(Work instructions):
Take the entries below and print only the lines from the one with "eta0 N (1 - z/N)^(gamma" through the one with "on a final window", exactly as they stand, both ends included.

(Stored items)
/---
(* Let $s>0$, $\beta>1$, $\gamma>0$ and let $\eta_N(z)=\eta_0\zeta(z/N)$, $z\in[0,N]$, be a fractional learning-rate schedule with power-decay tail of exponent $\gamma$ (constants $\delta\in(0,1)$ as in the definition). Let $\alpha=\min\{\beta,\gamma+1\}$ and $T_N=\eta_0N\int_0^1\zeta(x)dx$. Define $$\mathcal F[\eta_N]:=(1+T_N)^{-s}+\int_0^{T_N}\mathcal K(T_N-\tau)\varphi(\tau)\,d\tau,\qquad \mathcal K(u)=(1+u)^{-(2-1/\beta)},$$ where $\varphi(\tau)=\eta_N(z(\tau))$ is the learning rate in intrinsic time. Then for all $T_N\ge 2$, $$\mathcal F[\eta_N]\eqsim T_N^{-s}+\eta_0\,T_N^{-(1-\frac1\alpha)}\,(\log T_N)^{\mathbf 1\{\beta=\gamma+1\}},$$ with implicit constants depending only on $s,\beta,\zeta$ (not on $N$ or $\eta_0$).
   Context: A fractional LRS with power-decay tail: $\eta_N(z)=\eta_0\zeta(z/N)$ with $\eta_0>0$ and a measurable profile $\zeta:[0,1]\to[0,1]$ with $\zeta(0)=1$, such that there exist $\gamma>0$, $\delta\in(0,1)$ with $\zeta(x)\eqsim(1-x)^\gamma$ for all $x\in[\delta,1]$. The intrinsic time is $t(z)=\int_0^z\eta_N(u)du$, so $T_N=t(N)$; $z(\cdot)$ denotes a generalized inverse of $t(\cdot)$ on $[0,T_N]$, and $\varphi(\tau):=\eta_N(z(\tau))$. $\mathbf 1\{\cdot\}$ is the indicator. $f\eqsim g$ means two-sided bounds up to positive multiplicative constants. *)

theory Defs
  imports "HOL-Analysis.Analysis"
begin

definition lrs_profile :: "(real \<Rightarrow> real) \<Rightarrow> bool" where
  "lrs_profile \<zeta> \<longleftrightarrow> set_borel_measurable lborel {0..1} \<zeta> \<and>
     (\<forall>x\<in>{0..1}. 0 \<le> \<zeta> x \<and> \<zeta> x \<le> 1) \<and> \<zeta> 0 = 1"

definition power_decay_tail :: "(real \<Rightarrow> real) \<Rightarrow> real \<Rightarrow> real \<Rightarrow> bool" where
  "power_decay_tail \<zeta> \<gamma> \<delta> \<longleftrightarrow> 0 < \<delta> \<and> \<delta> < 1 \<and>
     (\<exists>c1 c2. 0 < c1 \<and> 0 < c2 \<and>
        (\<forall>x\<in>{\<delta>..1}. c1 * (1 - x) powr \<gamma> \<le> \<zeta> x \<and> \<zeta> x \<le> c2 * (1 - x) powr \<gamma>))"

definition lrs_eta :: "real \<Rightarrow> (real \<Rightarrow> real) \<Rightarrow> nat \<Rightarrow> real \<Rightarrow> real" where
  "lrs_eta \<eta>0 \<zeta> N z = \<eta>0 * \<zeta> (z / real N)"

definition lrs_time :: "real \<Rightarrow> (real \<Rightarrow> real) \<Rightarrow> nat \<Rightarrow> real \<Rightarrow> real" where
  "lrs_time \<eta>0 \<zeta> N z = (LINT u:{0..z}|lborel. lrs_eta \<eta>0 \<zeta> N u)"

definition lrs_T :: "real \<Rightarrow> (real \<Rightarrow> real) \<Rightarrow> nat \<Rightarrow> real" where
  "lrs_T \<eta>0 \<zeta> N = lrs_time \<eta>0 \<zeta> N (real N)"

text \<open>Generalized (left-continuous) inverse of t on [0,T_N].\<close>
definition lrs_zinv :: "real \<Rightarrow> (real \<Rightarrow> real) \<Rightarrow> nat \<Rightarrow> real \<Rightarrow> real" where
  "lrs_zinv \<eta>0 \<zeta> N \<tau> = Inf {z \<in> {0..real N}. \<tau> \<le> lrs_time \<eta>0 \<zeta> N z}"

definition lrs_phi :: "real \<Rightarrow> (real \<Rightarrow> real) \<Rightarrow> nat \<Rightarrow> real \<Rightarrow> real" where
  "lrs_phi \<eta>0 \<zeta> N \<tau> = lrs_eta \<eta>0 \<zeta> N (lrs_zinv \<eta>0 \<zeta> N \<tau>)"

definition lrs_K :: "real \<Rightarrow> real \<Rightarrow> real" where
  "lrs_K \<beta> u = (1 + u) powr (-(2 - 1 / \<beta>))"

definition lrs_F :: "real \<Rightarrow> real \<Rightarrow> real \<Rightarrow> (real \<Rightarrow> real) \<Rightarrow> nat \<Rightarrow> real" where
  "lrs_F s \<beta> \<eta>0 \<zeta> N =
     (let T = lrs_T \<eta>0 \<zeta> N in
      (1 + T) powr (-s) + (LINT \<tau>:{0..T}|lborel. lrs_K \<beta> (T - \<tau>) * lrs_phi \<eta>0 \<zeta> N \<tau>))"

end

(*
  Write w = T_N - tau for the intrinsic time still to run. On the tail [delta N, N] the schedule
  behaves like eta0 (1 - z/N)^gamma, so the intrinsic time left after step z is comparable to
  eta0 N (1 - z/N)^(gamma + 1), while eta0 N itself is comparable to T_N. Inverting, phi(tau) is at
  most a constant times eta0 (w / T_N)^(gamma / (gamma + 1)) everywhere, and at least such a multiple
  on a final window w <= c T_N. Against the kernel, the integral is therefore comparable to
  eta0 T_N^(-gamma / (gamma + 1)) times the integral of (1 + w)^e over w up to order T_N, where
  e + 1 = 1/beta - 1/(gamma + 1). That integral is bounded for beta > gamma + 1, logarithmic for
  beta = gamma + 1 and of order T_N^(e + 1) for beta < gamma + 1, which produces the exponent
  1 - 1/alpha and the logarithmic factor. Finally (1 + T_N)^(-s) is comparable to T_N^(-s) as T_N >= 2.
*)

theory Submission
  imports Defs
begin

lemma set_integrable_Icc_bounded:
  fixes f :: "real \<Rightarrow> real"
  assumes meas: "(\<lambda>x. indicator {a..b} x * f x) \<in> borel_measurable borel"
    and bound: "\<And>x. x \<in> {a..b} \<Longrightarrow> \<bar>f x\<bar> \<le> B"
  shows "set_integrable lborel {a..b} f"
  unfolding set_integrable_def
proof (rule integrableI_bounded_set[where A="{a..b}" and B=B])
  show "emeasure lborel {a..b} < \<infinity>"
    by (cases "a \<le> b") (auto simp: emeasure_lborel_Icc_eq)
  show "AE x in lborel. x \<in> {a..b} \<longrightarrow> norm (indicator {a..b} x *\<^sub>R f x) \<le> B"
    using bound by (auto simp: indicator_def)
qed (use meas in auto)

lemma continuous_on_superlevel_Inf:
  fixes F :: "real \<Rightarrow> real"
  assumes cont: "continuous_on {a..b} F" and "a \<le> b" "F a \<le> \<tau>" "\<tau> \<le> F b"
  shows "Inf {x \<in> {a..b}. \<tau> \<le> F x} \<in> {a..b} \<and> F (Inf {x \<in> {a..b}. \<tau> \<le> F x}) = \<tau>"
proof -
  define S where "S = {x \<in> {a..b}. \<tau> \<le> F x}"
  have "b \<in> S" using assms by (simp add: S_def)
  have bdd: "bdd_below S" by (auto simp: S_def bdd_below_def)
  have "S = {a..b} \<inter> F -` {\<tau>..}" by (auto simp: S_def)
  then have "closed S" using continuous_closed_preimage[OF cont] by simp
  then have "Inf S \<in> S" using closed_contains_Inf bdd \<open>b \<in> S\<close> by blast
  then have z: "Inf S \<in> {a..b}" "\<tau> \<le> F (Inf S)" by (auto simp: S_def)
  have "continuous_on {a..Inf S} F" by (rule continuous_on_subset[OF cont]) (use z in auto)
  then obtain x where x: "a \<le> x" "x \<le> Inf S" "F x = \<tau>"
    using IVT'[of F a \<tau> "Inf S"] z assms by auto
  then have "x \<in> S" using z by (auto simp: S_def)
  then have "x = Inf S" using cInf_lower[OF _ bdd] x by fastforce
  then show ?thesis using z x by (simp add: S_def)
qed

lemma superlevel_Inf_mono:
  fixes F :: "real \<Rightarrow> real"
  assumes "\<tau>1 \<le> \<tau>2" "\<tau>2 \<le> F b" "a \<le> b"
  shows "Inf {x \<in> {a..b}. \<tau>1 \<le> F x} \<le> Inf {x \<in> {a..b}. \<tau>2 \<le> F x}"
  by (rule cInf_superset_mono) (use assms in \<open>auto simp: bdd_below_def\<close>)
\---
(Task solution):
  eta0 N (1 - z/N)^(gamma + 1), while eta0 N itself is comparable to T_N. Inverting, phi(tau) is at
  most a constant times eta0 (w / T_N)^(gamma / (gamma + 1)) everywhere, and at least such a multiple
  on a final window w <= c T_N. Against the kernel, the integral is therefore comparable to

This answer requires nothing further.